Each task in SleepKit has a corresponding demo mode that allows you to run a task-level demonstration using the specified backend inference engine (e.g. PC or EVB). This is useful to showcase the model's performance in real-time and to verify its accuracy in a real-world scenario. Similar to other modes, the demo can be invoked either via CLI or within sleepkit python package. At a high level, the demo mode performs the following actions based on the provided configuration parameters:

  1. Load the configuration data (e.g. configuration.json)
  2. Load the desired features (e.g. FS-W-A-5)
  3. Load the trained model (e.g. model.keras)
  4. Initialize inference engine backend (e.g. pc or evb)
  5. Generate input data (e.g. x, y)
  6. Perform inference on backend (e.g. model.predict)
  7. Generate report (e.g. report.html)
graph LR
A("`Load
configuration
__TaskParams__
`")
B("`Load
features
__FeatureFactory__
`")
C("`Load trained
__model__
`")
D("`Initialize
inference engine
__BackendFactory__
`")
E("`Generate
input stimulus
`")
F("`Perform
__inference(s)__
`")
G("`Generate
__report__
`")
A ==> B
B ==> C
C ==> D
subgraph CF["Inference Engine"]
    D ==> E
    E ==> F
end
F ==> G

Inference Backends

SleepKit includes two built-in backend inference engines: PC and EVB. Additional backends can be easily added to the SleepKit framework by creating a new backend class and registering it to the backend factory.

PC Backend

The PC backend is used to run the task-level demo on the local machine. This is useful for quick testing and debugging of the model.

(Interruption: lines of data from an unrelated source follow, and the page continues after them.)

lemma bm_offset_shift:
  fixes \<alpha> \<beta> m c x0 z :: 'a
  shows "bm_offset q \<alpha> \<beta> m c (x0 + z) + bm_offset q \<alpha> \<beta> m c (x0 + z) ^ q
    = (bm_offset q \<alpha> \<beta> m c x0 + bm_offset q \<alpha> \<beta> m c x0 ^ q) + bm_form q \<alpha> (\<beta> ^ q + \<beta>) z
      + ((m + (\<beta> ^ q + \<beta>) * x0 ^ q) * z + ((m + (\<beta> ^ q + \<beta>) * x0 ^ q) * z) ^ q)"
proof -
  have offset_q: "bm_offset q \<alpha> \<beta> m c y ^ q
      = m ^ q * y ^ q + c ^ q + \<alpha> ^ q * (y ^ q) ^ 2 + \<beta> ^ q * (y ^ q * y)" for y
    unfolding bm_offset_def
    by (simp add: frobenius_add power_mult_distrib power2_power_commute frobenius_involution)
  have slope_q: "((m + (\<beta> ^ q + \<beta>) * x0 ^ q) * z) ^ q = (m ^ q + (\<beta> ^ q + \<beta>) * x0) * z ^ q"
    by (simp add: frobenius_add power_mult_distrib frobenius_involution frobenius_trace_fixed)
  show ?thesis
    unfolding offset_q slope_q unfolding bm_offset_def bm_form_def frobenius_add
    by (subst eq_iff_add_eq_0) (simp add: algebra_simps power2_eq_square even_numeral_eq_0)
qed

lemma tangent_slope:
  fixes \<alpha> \<beta> m c x0 :: 'a
  assumes \<beta>: "\<beta> ^ q \<noteq> \<beta>"
    and aniso: "\<And>w. w \<noteq> 0 \<Longrightarrow> bm_form q \<alpha> (\<beta> ^ q + \<beta>) w \<noteq> 0"
    and unique: "\<And>x. bm_offset q \<alpha> \<beta> m c x \<in> subfield_q q \<longleftrightarrow> x = x0"
  shows "m = (\<beta> ^ q + \<beta>) * x0 ^ q"
proof (rule ccontr)
  define \<delta> where "\<delta> = \<beta> ^ q + \<beta>"
  define G where "G = bm_offset q \<alpha> \<beta> m c"
  define e where "e = m + \<delta> * x0 ^ q"
  assume "m \<noteq> (\<beta> ^ q + \<beta>) * x0 ^ q"
  then have e: "e \<noteq> 0"
    unfolding e_def \<delta>_def using eq_iff_add_eq_0 by blast
  have \<delta>: "\<delta> \<noteq> 0" "\<delta> ^ q = \<delta>"
    unfolding \<delta>_def using frobenius_trace_nonzero[OF \<beta>] frobenius_trace_fixed by auto
  have "\<beta> \<noteq> 0"
    using \<beta> q_pos by auto
  have G_fixed: "G x ^ q = G x \<longleftrightarrow> x = x0" for x
    using unique unfolding G_def subfield_q_def by blast
  note shift = bm_offset_shift[of \<alpha> \<beta> m c x0, folded G_def \<delta>_def e_def]
  txt \<open>Moving from \<open>x0\<close> in the direction \<open>w = \<beta>/e\<close> by the step \<open>t \<in> GF(q)\<close> chosen below
    produces a second solution of \<open>G x \<in> GF(q)\<close>.\<close>
  define w where "w = \<beta> / e"
  define t where "t = \<delta> / bm_form q \<alpha> \<delta> w"
  have w: "w \<noteq> 0" "e * w = \<beta>"
    unfolding w_def using e \<open>\<beta> \<noteq> 0\<close> by auto
  have Q: "bm_form q \<alpha> \<delta> w \<noteq> 0"
    using aniso[OF w(1)] unfolding \<delta>_def .
  have "e ^ q * w ^ q = \<beta> ^ q"
    using w(2) by (metis power_mult_distrib)
  have t: "t ^ q = t" "t \<noteq> 0" "t * bm_form q \<alpha> \<delta> w = \<delta>"
    unfolding t_def using \<delta> Q bm_form_frobenius_fixed[OF \<delta>(2)] by (auto simp: power_divide)
  have "G (x0 + t * w) + G (x0 + t * w) ^ q = t * \<delta> + t * (\<beta> + \<beta> ^ q)"
    unfolding shift bm_form_scale_subfield[OF t(1)]
    using G_fixed[of x0] t w \<open>e ^ q * w ^ q = \<beta> ^ q\<close>
    by (simp add: add_self_eq_0 power_mult_distrib algebra_simps power2_eq_square)
  also have "\<dots> = 0"
    unfolding \<delta>_def by (simp add: add.commute add_self_eq_0 flip: distrib_left)
  finally have "x0 + t * w = x0"
    using G_fixed eq_iff_add_eq_0 by (metis add.commute)
  then show False
    using t(2) w(1) by simp
qed

lemma tangent_foot:
  fixes \<alpha> \<beta> m c a b x0 :: 'a
  defines "\<delta> \<equiv> \<beta> ^ q + \<beta>"
  assumes slope: "m = \<delta> * x0 ^ q" and P: "b = m * a + c"
    and r: "bm_offset q \<alpha> \<beta> m c x0 \<in> subfield_q q"
  shows "proj_pt (x0, m * x0 + c, 1) = foot_pt q \<delta> a b (x0 + a)"
    and "bm_form q \<alpha> \<delta> (x0 + a) = bm_form q \<alpha> \<delta> a + b + b ^ q"
proof -
  have c: "c = b + m * a"
    using P eq_iff_add_eq_0 by (metis add.assoc add.commute add_self_eq_0 add_0)
  have \<delta>q: "\<delta> ^ q = \<delta>"
    unfolding \<delta>_def by (rule frobenius_trace_fixed)
  have "a + (x0 + a) = x0" "b + \<delta> * a ^ q * (x0 + a) + \<delta> * ((x0 + a) * (x0 + a) ^ q) = m * x0 + c"
    unfolding c slope frobenius_add
    by (subst eq_iff_add_eq_0, simp add: algebra_simps even_numeral_eq_0)+
  then show "proj_pt (x0, m * x0 + c, 1) = foot_pt q \<delta> a b (x0 + a)"
    unfolding foot_pt_def by (simp only:)
  define R where "R = bm_offset q \<alpha> \<beta> m c x0"
  have "R ^ q = R"
    using r unfolding R_def subfield_q_def by simp
  then have "R + R ^ q = 0"
    by (simp only: add_self_eq_0)
  moreover have "bm_form q \<alpha> \<delta> (x0 + a) + (bm_form q \<alpha> \<delta> a + b + b ^ q) = R + R ^ q"
    unfolding R_def bm_offset_def c slope bm_form_def
    using \<delta>q by (simp add: frobenius_add power_mult_distrib power2_power_commute frobenius_involution)
      (subst eq_iff_add_eq_0, simp add: \<delta>_def algebra_simps power2_eq_square even_numeral_eq_0)
  ultimately have "bm_form q \<alpha> \<delta> (x0 + a) + (bm_form q \<alpha> \<delta> a + b + b ^ q) = 0"
    by (simp only:)
  then show "bm_form q \<alpha> \<delta> (x0 + a) = bm_form q \<alpha> \<delta> a + b + b ^ q"
    by (rule eq_iff_add_eq_0[THEN iffD2])
qed

lemma pedal_BM_subset_feet:
  fixes \<alpha> \<beta> a b :: 'a
  assumes \<beta>: "\<beta> ^ q \<noteq> \<beta>"
    and aniso: "\<And>w. w \<noteq> 0 \<Longrightarrow> bm_form q \<alpha> (\<beta> ^ q + \<beta>) w \<noteq> 0"
  shows "pedal (BM_set q \<alpha> \<beta>) (proj_pt (a, b, 1)) \<subseteq> foot_pt q (\<beta> ^ q + \<beta>) a b `
    {u. bm_form q \<alpha> (\<beta> ^ q + \<beta>) u = bm_form q \<alpha> (\<beta> ^ q + \<beta>) a + b + b ^ q}"
proof
  fix Q assume "Q \<in> pedal (BM_set q \<alpha> \<beta>) (proj_pt (a, b, 1))"
  then obtain L where L: "L \<in> lines" "proj_pt (a, b, 1) \<in> L" "L \<inter> BM_set q \<alpha> \<beta> = {Q}"
    unfolding pedal_def by blast
  have not_vertical: "proj_pt (0, 1, 0) \<notin> L"
    using BM_tangent_not_vertical[OF q_pos L] .
  obtain m c where graph: "\<And>x y. proj_pt (x, y, 1) \<in> L \<longleftrightarrow> y = m * x + c"
    using nonvertical_line_graph[OF L(1) not_vertical] by blast
  note BM_iff = BM_set_graph_mem_iff[of _ m c]
  have "Q \<in> BM_set q \<alpha> \<beta>" "Q \<in> L"
    using L(3) by auto
  moreover have "Q \<noteq> proj_pt (0, 1, 0)"
    using not_vertical \<open>Q \<in> L\<close> by auto
  ultimately obtain x0 y0 where Q: "Q = proj_pt (x0, y0, 1)"
    unfolding BM_set_def by blast
  then have y0: "y0 = m * x0 + c"
    using \<open>Q \<in> L\<close> graph by simp
  have unique: "bm_offset q \<alpha> \<beta> m c x \<in> subfield_q q \<longleftrightarrow> x = x0" for x
  proof
    assume "bm_offset q \<alpha> \<beta> m c x \<in> subfield_q q"
    then have "proj_pt (x, m * x + c, 1) \<in> L \<inter> BM_set q \<alpha> \<beta>"
      using graph BM_iff by simp
    then show "x = x0"
      using L(3) unfolding Q y0 by (simp add: proj_pt_affine_eq_iff)
  next
    assume "x = x0"
    then show "bm_offset q \<alpha> \<beta> m c x \<in> subfield_q q"
      using BM_iff \<open>Q \<in> BM_set q \<alpha> \<beta>\<close> unfolding Q y0 by simp
  qed
  have "b = m * a + c"
    using L(2) graph by simp
  from tangent_foot[OF tangent_slope[OF \<beta> aniso unique] this unique[of x0, THEN iffD2, OF refl]]
  show "Q \<in> foot_pt q (\<beta> ^ q + \<beta>) a b `
    {u. bm_form q \<alpha> (\<beta> ^ q + \<beta>) u = bm_form q \<alpha> (\<beta> ^ q + \<beta>) a + b + b ^ q}"
    unfolding Q y0 by blast
qed

section \<open>No three feet are collinear\<close>

lemma alpha_square_diff_fixed:
  fixes \<alpha> \<delta> u v :: 'a
  assumes "bm_form q \<alpha> \<delta> v = bm_form q \<alpha> \<delta> u" "\<delta> * (v * v ^ q) = \<delta> * (u * u ^ q)"
  shows "(\<alpha> * (v + u) ^ 2) ^ q = \<alpha> * (v + u) ^ 2"
proof (rule eq_iff_add_eq_0[THEN iffD2])
  have "\<alpha> * v ^ 2 + \<alpha> ^ q * (v ^ q) ^ 2 = \<alpha> * u ^ 2 + \<alpha> ^ q * (u ^ q) ^ 2"
    using assms unfolding bm_form_def by (metis add_right_cancel)
  moreover have "(\<alpha> * (v + u) ^ 2) ^ q + \<alpha> * (v + u) ^ 2
      = (\<alpha> * v ^ 2 + \<alpha> ^ q * (v ^ q) ^ 2) + (\<alpha> * u ^ 2 + \<alpha> ^ q * (u ^ q) ^ 2)"
    by (simp add: power_mult_distrib power2_power_commute frobenius_add)
      (subst eq_iff_add_eq_0, simp add: algebra_simps power2_eq_square even_numeral_eq_0)
  ultimately show "(\<alpha> * (v + u) ^ 2) ^ q + \<alpha> * (v + u) ^ 2 = 0"
    by (simp only: add_self_eq_0)
qed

  1. Create / modify configuration file (e.g. stage-class-4.json)
  2. Ensure "pc" is selected as the backend in configuration file.
  3. Run demo sleepkit --mode demo --task stage --config ./configs/stage-class-4.json
  4. HTML report will be saved to ${job_dir}/report.html

EVB Backend

The EVB backend is used to run the task-level demo on an Ambiq EVB. This is useful to showcase the model's performance in real-time and to verify its accuracy in a real-world scenario.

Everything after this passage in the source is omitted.